> GOAL OF THE EXERCISE:
What you write should be an exact copy of the material, from its first line through the line containing "u j. u \<in>".

> PROVIDED INFORMATION:
definition simple_graph_enum :: "'a set \<Rightarrow> ('a \<times> 'a) list \<Rightarrow> bool" where
  "simple_graph_enum V es =
     (finite V \<and> (\<forall>(u, v) \<in> set es. u \<in> V \<and> v \<in> V \<and> u \<noteq> v)
      \<and> distinct (map (\<lambda>(u, v). {u, v}) es))"

definition connected_graph :: "'a set \<Rightarrow> ('a \<times> 'a) list \<Rightarrow> bool" where
  "connected_graph V es = (\<forall>u\<in>V. \<forall>v\<in>V. \<exists>n. walk (gadj es) u v n)"

text \<open>Vertices of H: Short u j is the vertex (u, j+1) of the short path p_u (0-based j);
  Long i k (0 < k < M) is the k-th internal vertex of the long path of edge es!i.\<close>

datatype 'a hvert = Short 'a nat | Long nat nat

definition long_node :: "('a \<times> 'a) list \<Rightarrow> nat \<Rightarrow> nat \<Rightarrow> nat \<Rightarrow> 'a hvert" where
  "long_node es M i k =
     (if k = 0 then Short (fst (es ! i)) i
      else if k = M then Short (snd (es ! i)) i
      else Long i k)"

definition H_verts :: "'a set \<Rightarrow> ('a \<times> 'a) list \<Rightarrow> nat \<Rightarrow> 'a hvert set" where
  "H_verts V es M =
     {Short u j | u j. u \<in> V \<and> j < length es} \<union>
     {Long i k | i k. i < length es \<and> 0 < k \<and> k < M}"

definition H_adj0 :: "'a set \<Rightarrow> ('a \<times> 'a) list \<Rightarrow> nat \<Rightarrow> 'a hvert \<Rightarrow> 'a hvert \<Rightarrow> bool" where
  "H_adj0 V es M x y =
     ((\<exists>u\<in>V. \<exists>j. Suc j < length es \<and> x = Short u j \<and> y = Short u (Suc j))
      \<or> (\<exists>i < length es. \<exists>k < M. x = long_node es M i k \<and> y = long_node es M i (Suc k)))"

definition H_adj :: "'a set \<Rightarrow> ('a \<times> 'a) list \<Rightarrow> nat \<Rightarrow> 'a hvert \<Rightarrow> 'a hvert \<Rightarrow> bool" where
  "H_adj V es M x y = (H_adj0 V es M x y \<or> H_adj0 V es M y x)"

end

theory Submission
  imports Defs
begin

(* Write d_G, d_H for the shortest path metrics and psi u = Short u i0.
   Degree: a short-path vertex (u,j) has at most its two short-path neighbours and the
   one end of the long path of edge e_j lying at it (the endpoints of e_j are distinct);
   an internal long-path vertex has exactly its two long-path neighbours.
   Upper bound: every edge e_i = uv of G is simulated in H by the walk
   (u,i0) -> (u,i) along p_u, the long path of e_i, and (v,i) -> (v,i0) along p_v, of
   length at most 2E + M; concatenating along a geodesic of G gives the bound.
   Lower bound: the potential phi(x), defined as M * d_G(u,w) on the short path p_w and
   interpolated linearly (as a minimum over both ends) along each long path, changes by
   at most 1 across every edge of H, so d_H(psi u, psi v) >= phi(psi v) - phi(psi u)
   = M * d_G(u,v). *)

section \<open>Walks and the shortest path metric\<close>

lemma walk_append: "walk adj x y n \<Longrightarrow> walk adj y z m \<Longrightarrow> walk adj x z (n + m)"
  by (induction rule: walk.induct) (auto intro: walk.intros)

lemma walk_snoc: "walk adj x y n \<Longrightarrow> adj y z \<Longrightarrow> walk adj x z (Suc n)"
  using walk_append[of adj x y n z 1] by (auto intro: walk.intros)

lemma walk_rev:
  assumes "\<And>a b. adj a b \<Longrightarrow> adj b a"
  shows "walk adj x y n \<Longrightarrow> walk adj y x n"
  by (induction rule: walk.induct) (auto intro: walk.intros walk_snoc assms)

lemma gdist_le: "walk adj x y n \<Longrightarrow> gdist adj x y \<le> n"
  unfolding gdist_def by (rule Least_le)

lemma gdist_walk: "walk adj x y n \<Longrightarrow> walk adj x y (gdist adj x y)"
  unfolding gdist_def by (rule LeastI)

lemma gdist_refl: "gdist adj x x = 0"
  using gdist_le[OF walk_nil, of adj x] by simp

lemma gdist_edge_le:
  assumes "walk adj u a n" and "adj a b"
  shows "gdist adj u b \<le> gdist adj u a + 1"
  using gdist_le[OF walk_snoc[OF gdist_walk[OF assms(1)] assms(2)]] by simp

lemma walk_transfer:
  assumes "\<And>a b. adj a b \<Longrightarrow> \<exists>L \<le> c. walk adj' (f a) (f b) L"
  shows "walk adj x y n \<Longrightarrow> \<exists>L \<le> c * n. walk adj' (f x) (f y) L"
proof (induction rule: walk.induct)
  case (walk_nil x)
  show ?case by (auto intro: walk.intros)
next
  case (walk_cons x y z n)
  obtain L1 where "L1 \<le> c" "walk adj' (f x) (f y) L1"
    using assms[OF walk_cons(1)] by blast
  moreover obtain L2 where "L2 \<le> c * n" "walk adj' (f y) (f z) L2"
    using walk_cons(3) by blast
  ultimately show ?case
    by (intro exI[of _ "L1 + L2"]) (auto intro: walk_append)
qed
lemma ker_linform_notin_arrangement_three:
  fixes a :: "nat \<Rightarrow> 'a::{field,finite}"
  assumes q: "7 \<le> CARD('a)" and two: "(2::'a) \<noteq> 0" and hk: "h \<le> k"
    and idx: "t < k" "u < k" "w < k" "t \<noteq> u" "w \<noteq> t" "w \<noteq> u"
    and a: "a t = a u" "a t \<noteq> 0" "a w \<noteq> 0"
  shows "\<exists>x \<in> ker_linform k a. x \<notin> arrangement h"
proof -
  define L where "L = linform k a ((ones_vec k)(t := 0, u := 0))"
  show ?thesis
  proof (cases "L = 0")
    case False
    then show ?thesis
      using q two hk idx a
      by (intro ker_linform_notin_arrangement_ones[where t = t and u = u]) (auto simp: L_def)
  next
    case True
    have "card {0, 1, -1 :: 'a} < CARD('a)"
      using q card_length[of "[0, 1, -1 :: 'a]"] by simp
    then have "{0, 1, -1 :: 'a} \<noteq> UNIV"
      by (metis less_irrefl)
    then obtain d :: 'a where d: "d \<notin> {0, 1, -1}"
      by blast
    define b where "b = (ones_vec k)(w := d)"
    \<comment> \<open>moving coordinate w away from 1 breaks the cancellation L = 0\<close>
    have "linform k a (b(t := 0, u := 0)) = L - a w + a w * d"
    proof -
      have w_one: "(ones_vec k)(t := 0, u := 0, w := 1) = (ones_vec k)(t := 0, u := 0)"
        using idx by (auto simp: ones_vec_def)
      show ?thesis
        using idx linform_fun_upd[of w k a "(ones_vec k)(t := 0, u := 0)" d]
          linform_fun_upd[of w k a "(ones_vec k)(t := 0, u := 0)" 1, unfolded w_one]
        by (simp add: b_def L_def fun_upd_twist)
    qed
    also have "\<dots> = a w * (d - 1)"
      using True by (simp add: algebra_simps)
    finally have nondeg: "linform k a (b(t := 0, u := 0)) \<noteq> 0"
      using a d by simp
    have "{1, d} \<inter> uminus ` {1, d} = {}"
      using one_disjoint_uminus[OF two] d two
      by (auto simp: insert_disjoint_uminus_iff mult_2[symmetric] minus_equation_iff)
    moreover have "b \<in> vecs k" "\<forall>i<h. i \<noteq> t \<and> i \<noteq> u \<longrightarrow> b i \<in> {1, d}"
      using hk idx by (auto simp: b_def ones_vec_def vecs_def)
    moreover have "2 * card {1, d} + 2 < CARD('a)"
      using q card_length[of "[1, d]"] by simp
    ultimately show ?thesis
      using idx a two nondeg
      by (intro ker_linform_notin_arrangement_two_free[where b = b and V = "{1, d}"]) auto
  qed
qed
lemma set_integral_indicator_eq_cond_exp_if_cond_indep_subalg:
  assumes P: "prob_space P" and sA: "subalgebra P FA" and sB: "subalgebra P FB"
    and sC: "subalgebra P FC" and indep: "cond_indep_subalg P FA FB FC"
    and EA: "EA \<in> sets FA" and EB: "EB \<in> sets FB" and EC: "EC \<in> sets FC"
  shows "(\<integral>x\<in>EB \<inter> EC. indicator EA x \<partial>P) = (\<integral>x\<in>EB \<inter> EC. real_cond_exp P FC (indicator EA) x \<partial>P)"
proof -
  interpret C: finite_measure_subalgebra P FC by (rule finite_measure_subalgebra_of_prob_space[OF P sC])
  have [measurable]: "EA \<in> sets P" "EB \<in> sets P" "EC \<in> sets P"
    using subalgebra_sets_subset sA sB sC EA EB EC by blast+
  define g where "g = real_cond_exp P FC (indicator EA)"
  have int_g: "integrable P g"
    unfolding g_def by (rule C.real_cond_exp_int(1)[OF integrable_indicator_prob_space[OF P]]) simp
  have int_gb: "integrable P (\<lambda>x. g x * indicator EB x)"
    using integrable_mult_indicator[OF _ int_g] by (simp add: mult.commute)
  have "(\<integral>x\<in>EB \<inter> EC. indicator EA x \<partial>P) = (\<integral>x\<in>EC. indicator (EA \<inter> EB) x \<partial>P)"
    unfolding set_lebesgue_integral_def by (rule Bochner_Integration.integral_cong) (auto simp: indicator_def)
  also have "\<dots> = (\<integral>x\<in>EC. real_cond_exp P FC (indicator (EA \<inter> EB)) x \<partial>P)"
    by (rule C.real_cond_exp_intA[OF integrable_indicator_prob_space[OF P] EC]) simp
  also have "\<dots> = (\<integral>x\<in>EC. g x * real_cond_exp P FC (indicator EB) x \<partial>P)"
  proof (rule set_lebesgue_integral_cong_AE)
    have "AE x in P. real_cond_exp P FC (indicator (EA \<inter> EB)) x = g x * real_cond_exp P FC (indicator EB) x"
      using indep EA EB unfolding cond_indep_subalg_def g_def by blast
    then show "AE x \<in> EC in P. real_cond_exp P FC (indicator (EA \<inter> EB)) x = g x * real_cond_exp P FC (indicator EB) x"
      by eventually_elim simp
  qed (simp_all add: g_def)
  also have "\<dots> = (\<integral>x\<in>EC. real_cond_exp P FC (\<lambda>x. g x * indicator EB x) x \<partial>P)"
  proof (rule set_lebesgue_integral_cong_AE)
    have "AE x in P. real_cond_exp P FC (\<lambda>x. g x * indicator EB x) x = g x * real_cond_exp P FC (indicator EB) x"
      by (rule C.real_cond_exp_mult) (use int_gb in \<open>simp_all add: g_def\<close>)
    then show "AE x \<in> EC in P. g x * real_cond_exp P FC (indicator EB) x = real_cond_exp P FC (\<lambda>x. g x * indicator EB x) x"
      by eventually_elim simp
  qed (simp_all add: g_def)
  also have "\<dots> = (\<integral>x\<in>EC. g x * indicator EB x \<partial>P)"
    by (rule C.real_cond_exp_intA[OF int_gb EC, symmetric])
  also have "\<dots> = (\<integral>x\<in>EB \<inter> EC. g x \<partial>P)"
    unfolding set_lebesgue_integral_def by (rule Bochner_Integration.integral_cong) (auto simp: indicator_def)
  finally show ?thesis unfolding g_def .
qed

lemma cond_indep_subalgD:
  assumes P: "prob_space P" and sA: "subalgebra P FA" and sB: "subalgebra P FB"
    and sC: "subalgebra P FC" and sBC: "subalgebra P FBC" and C_BC: "sets FC \<subseteq> sets FBC"
    and gen: "sets FBC \<subseteq> sigma_sets (space P) {EB \<inter> EC | EB EC. EB \<in> sets FB \<and> EC \<in> sets FC}"
    and indep: "cond_indep_subalg P FA FB FC" and EA: "EA \<in> sets FA"
  shows "AE x in P. real_cond_exp P FBC (indicator EA) x = real_cond_exp P FC (indicator EA) x"
proof -
  interpret C: finite_measure_subalgebra P FC by (rule finite_measure_subalgebra_of_prob_space[OF P sC])
  interpret BC: finite_measure_subalgebra P FBC by (rule finite_measure_subalgebra_of_prob_space[OF P sBC])
  let ?G = "{EB \<inter> EC | EB EC. EB \<in> sets FB \<and> EC \<in> sets FC}"
  have int_a: "integrable P (indicator EA :: _ \<Rightarrow> real)"
    using integrable_indicator_prob_space[OF P] subalgebra_sets_subset[OF sA EA] .
  have stable: "Int_stable ?G"
    unfolding Int_stable_def
  proof (intro ballI)
    fix X Y assume "X \<in> ?G" "Y \<in> ?G"
    then obtain EB EC EB' EC' where "X = EB \<inter> EC" "Y = EB' \<inter> EC'" "EB \<in> sets FB" "EC \<in> sets FC"
      "EB' \<in> sets FB" "EC' \<in> sets FC" by blast
    then show "X \<inter> Y \<in> ?G" by (intro CollectI exI[of _ "EB \<inter> EB'"] exI[of _ "EC \<inter> EC'"]) auto
  qed
  have G: "?G \<subseteq> sets P"
    using subalgebra_sets_subset[OF sB] subalgebra_sets_subset[OF sC] by blast
  have "space P \<in> sets FB" "space P \<in> sets FC"
    using sB sC by (metis sets.top subalgebra_def)+
  then have top: "space P \<in> ?G"
    by (intro CollectI exI[of _ "space P"]) simp
  have eq_on_G: "(\<integral>x\<in>X. indicator EA x \<partial>P) = (\<integral>x\<in>X. real_cond_exp P FC (indicator EA) x \<partial>P)"
    if "X \<in> ?G" for X
    using that set_integral_indicator_eq_cond_exp_if_cond_indep_subalg[OF P sA sB sC indep EA] by blast
  show ?thesis
  proof (rule BC.real_cond_exp_charact)
    fix X assume "X \<in> sets FBC"
    then show "(\<integral>x\<in>X. indicator EA x \<partial>P) = (\<integral>x\<in>X. real_cond_exp P FC (indicator EA) x \<partial>P)"
      using set_integral_eq_on_sigma_sets[OF int_a C.real_cond_exp_int(1)[OF int_a] stable G top eq_on_G] gen
      by blast
  next
    show "real_cond_exp P FC (indicator EA) \<in> borel_measurable FBC"
      by (rule measurable_from_subalg[OF subalgebra_of_sets_subset[OF sBC sC C_BC]]) simp
  qed (use int_a C.real_cond_exp_int(1)[OF int_a] in auto)
qed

> EXERCISE SOLUTION:
definition simple_graph_enum :: "'a set \<Rightarrow> ('a \<times> 'a) list \<Rightarrow> bool" where
  "simple_graph_enum V es =
     (finite V \<and> (\<forall>(u, v) \<in> set es. u \<in> V \<and> v \<in> V \<and> u \<noteq> v)
      \<and> distinct (map (\<lambda>(u, v). {u, v}) es))"

definition connected_graph :: "'a set \<Rightarrow> ('a \<times> 'a) list \<Rightarrow> bool" where
  "connected_graph V es = (\<forall>u\<in>V. \<forall>v\<in>V. \<exists>n. walk (gadj es) u v n)"

text \<open>Vertices of H: Short u j is the vertex (u, j+1) of the short path p_u (0-based j);
  Long i k (0 < k < M) is the k-th internal vertex of the long path of edge es!i.\<close>

datatype 'a hvert = Short 'a nat | Long nat nat

definition long_node :: "('a \<times> 'a) list \<Rightarrow> nat \<Rightarrow> nat \<Rightarrow> nat \<Rightarrow> 'a hvert" where
  "long_node es M i k =
     (if k = 0 then Short (fst (es ! i)) i
      else if k = M then Short (snd (es ! i)) i
      else Long i k)"

definition H_verts :: "'a set \<Rightarrow> ('a \<times> 'a) list \<Rightarrow> nat \<Rightarrow> 'a hvert set" where
  "H_verts V es M =
     {Short u j | u j. u \<in> V \<and> j < length es} \<union>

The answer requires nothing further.